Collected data
::::

lemma cograph_induced:
  assumes "cograph V E" "W \<subseteq> V" "W \<noteq> {}"
  shows "cograph W (induced_edges E W)"
  using assms
proof (induction arbitrary: W rule: cograph.induct)
  case (single v)
  then have "W = {v}" by blast
  then show ?case by (simp add: induced_edges_def cograph.single)
next
  case (union V1 E1 V2 E2)
  define W1 W2 where "W1 = W \<inter> V1" and "W2 = W \<inter> V2"
  have W: "W = W1 \<union> W2" "W1 \<inter> W2 = {}"
    using union.prems(1) union.hyps(3) unfolding W1_def W2_def by blast+
  have IH: "W1 \<noteq> {} \<Longrightarrow> cograph W1 (induced_edges E1 W1)"
    "W2 \<noteq> {} \<Longrightarrow> cograph W2 (induced_edges E2 W2)"
    using union.IH(1)[of W1] union.IH(2)[of W2] unfolding W1_def W2_def by auto
  have edges: "induced_edges (E1 \<union> E2) W = induced_edges E1 W1 \<union> induced_edges E2 W2"
    using cograph_edge[OF union.hyps(1)] cograph_edge[OF union.hyps(2)]
    unfolding induced_edges_def W1_def W2_def by blast
  consider "W1 = {}" | "W2 = {}" | "W1 \<noteq> {}" "W2 \<noteq> {}" by blast
  then show ?case
  proof cases
    case 1
    then show ?thesis
      using W IH(2) union.prems(2) cograph_induced_edges_empty[OF union.hyps(1)] unfolding edges by simp
  next
    case 2
    then show ?thesis
      using W IH(1) union.prems(2) cograph_induced_edges_empty[OF union.hyps(2)] unfolding edges by simp
  next
    case 3
    then show ?thesis using W IH unfolding edges by (simp add: cograph.union)
  qed
next
  case (join V1 E1 V2 E2)
  define W1 W2 where "W1 = W \<inter> V1" and "W2 = W \<inter> V2"
  have W: "W = W1 \<union> W2" "W1 \<inter> W2 = {}"
    using join.prems(1) join.hyps(3) unfolding W1_def W2_def by blast+
  have IH: "W1 \<noteq> {} \<Longrightarrow> cograph W1 (induced_edges E1 W1)"
    "W2 \<noteq> {} \<Longrightarrow> cograph W2 (induced_edges E2 W2)"
    using join.IH(1)[of W1] join.IH(2)[of W2] unfolding W1_def W2_def by auto
  have edges: "induced_edges (E1 \<union> E2 \<union> {{u, v} | u v. u \<in> V1 \<and> v \<in> V2}) W =
      induced_edges E1 W1 \<union> induced_edges E2 W2 \<union> {{u, v} | u v. u \<in> W1 \<and> v \<in> W2}"
    using cograph_edge[OF join.hyps(1)] cograph_edge[OF join.hyps(2)] join.hyps(3)
    unfolding induced_edges_def W1_def W2_def by (auto simp: doubleton_eq_iff) blast+
  consider "W1 = {}" | "W2 = {}" | "W1 \<noteq> {}" "W2 \<noteq> {}" by blast
  then show ?case
  proof cases
    case 1
    then show ?thesis
      using W IH(2) join.prems(2) cograph_induced_edges_empty[OF join.hyps(1)] unfolding edges by simp
  next
    case 2
    then show ?thesis
      using W IH(1) join.prems(2) cograph_induced_edges_empty[OF join.hyps(2)] unfolding edges by simp
  next
    case 3
    then show ?thesis using W IH unfolding edges by (simp add: cograph.join)
  qed
qed

lemma connected_cograph_is_join:
  assumes "cograph V E" "connected_graph V E" "2 \<le> card V"
  shows "\<exists>A B. A \<union> B = V \<and> A \<inter> B = {} \<and> A \<noteq> {} \<and> B \<noteq> {} \<and> (\<forall>a\<in>A. \<forall>b\<in>B. {a, b} \<in> E)"
  using assms(1)
proof cases
  case (single v)
  then show ?thesis using assms(3) by simp
next
  case (union V1 E1 V2 E2)
  obtain u v where "u \<in> V1" "v \<in> V2"
    using cograph_nonempty union(3,4) by blast
  moreover have "\<forall>e\<in>E. e \<subseteq> V1 \<or> e \<inter> V1 = {}"
    using cograph_edge[OF union(3)] cograph_edge[OF union(4)] union(1,2,5) by blast
  ultimately have "v \<in> V1"
    using connected_graph_edge_closed[OF assms(2), of u V1 v] union(1) by blast
  then show ?thesis using \<open>v \<in> V2\<close> union(5) by blast
next
  case (join V1 E1 V2 E2)
  then show ?thesis using cograph_nonempty[OF join(3)] cograph_nonempty[OF join(4)] by blast
qed

lemma ct_edges_subset_leaves: "e \<in> ct_edges t \<Longrightarrow> e \<noteq> {} \<and> e \<subseteq> ct_leaves t"
  by (induction t arbitrary: e) (fastforce simp: in_set_conv_nth split: if_splits)+
text \<open>Delta(alpha, beta, Pi); the FWEs are only defined when all T k are P_A-a.s. finite.\<close>
definition Delta :: "nat \<Rightarrow> (nat \<Rightarrow> 'x measure) \<Rightarrow> (nat \<Rightarrow> (nat \<Rightarrow> 'x) measure) \<Rightarrow> (nat \<Rightarrow> (nat \<Rightarrow> 'x) measure)
    \<Rightarrow> real \<Rightarrow> real \<Rightarrow> nat set set
    \<Rightarrow> ((nat \<Rightarrow> (nat \<Rightarrow> nat \<Rightarrow> 'x) \<Rightarrow> enat) \<times> (nat \<Rightarrow> (nat \<Rightarrow> nat \<Rightarrow> 'x) \<Rightarrow> bool)) set" where
  "Delta K S P0 P1 \<alpha> \<beta> Cls = {(T, D). is_procedure K S T D \<and>
     (\<forall>A\<in>Cls. (\<forall>k\<in>{1..K}. AE \<omega> in joint_law K P0 P1 A. T k \<omega> < \<infinity>) \<and>
        FWE1 K P0 P1 A D \<le> \<alpha> \<and> FWE2 K P0 P1 A D \<le> \<beta>)}"

definition LL :: "nat \<Rightarrow> (nat \<Rightarrow> 'x measure) \<Rightarrow> (nat \<Rightarrow> (nat \<Rightarrow> 'x) measure) \<Rightarrow> (nat \<Rightarrow> (nat \<Rightarrow> 'x) measure)
    \<Rightarrow> nat \<Rightarrow> nat set \<Rightarrow> real \<Rightarrow> real \<Rightarrow> nat set set \<Rightarrow> ennreal" where
  "LL K S P0 P1 k A \<alpha> \<beta> Cls = (INF TD\<in>Delta K S P0 P1 \<alpha> \<beta> Cls.
      \<integral>\<^sup>+ \<omega>. ennreal_of_enat (fst TD k \<omega>) \<partial>(joint_law K P0 P1 A))"

definition IAC :: "(nat \<Rightarrow> real) \<Rightarrow> (nat \<Rightarrow> real) \<Rightarrow> nat set \<Rightarrow> nat set \<Rightarrow> real" where
  "IAC I J A C = (\<Sum>k\<in>A - C. I k) + (\<Sum>k\<in>C - A. J k)"

end

theory Submission
  imports Defs
begin
(* Let \<sigma> i be the image of the i-th Artin generator. If two of them coincide, the braid and
   commutation relations force (for n \<ge> 5) all of them to coincide, so the image of f is abelian
   and f is cyclic. Hence for non-cyclic f the elements \<tau> j = \<sigma> (2j-1), 1 \<le> j \<le> k = n div 2,
   are k distinct pairwise commuting elements, and conjugation by \<sigma> (2j) \<sigma> (2j-1) \<sigma> (2j+1) \<sigma> (2j)
   swaps \<tau> j and \<tau> (j+1) and fixes the other \<tau>'s. So every permutation of the \<tau>'s is induced
   by conjugation with some element of G; these elements lie in k! distinct cosets of the
   centraliser of the \<tau>'s, which contains the 2^(k-1) distinct products of subsets of
   {\<tau> 1, ..., \<tau> (k-1)}. *)

lemma (in group) generate_commute:
  assumes "y \<in> carrier G" "S \<subseteq> carrier G" "\<And>s. s \<in> S \<Longrightarrow> y \<otimes> s = s \<otimes> y"
    and "h \<in> generate G S"
  shows "y \<otimes> h = h \<otimes> y"
  using assms(4)
proof (induction rule: generate.induct)
  case one
  then show ?case using assms(1) by simp
next
  case (incl s)
  then show ?case using assms(3) by simp
next
  case (inv s)
  then have s: "s \<in> carrier G" using assms(2) by auto
  have "inv s \<otimes> y = inv s \<otimes> (y \<otimes> s) \<otimes> inv s" using s assms(1) by (simp add: m_assoc)
  also have "\<dots> = y \<otimes> inv s" using s assms(1) by (simp add: assms(3)[OF inv] m_assoc[symmetric])
  finally show ?case by simp
next
  case (eng h h')
  then have "h \<in> carrier G" "h' \<in> carrier G" using generate_in_carrier[OF assms(2)] by auto
  then show ?case using eng.IH assms(1) by (metis m_assoc)
qed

::::

### What you should do
Using the records above, report how many lines include "omega", with no words around the number.

### Answer box
2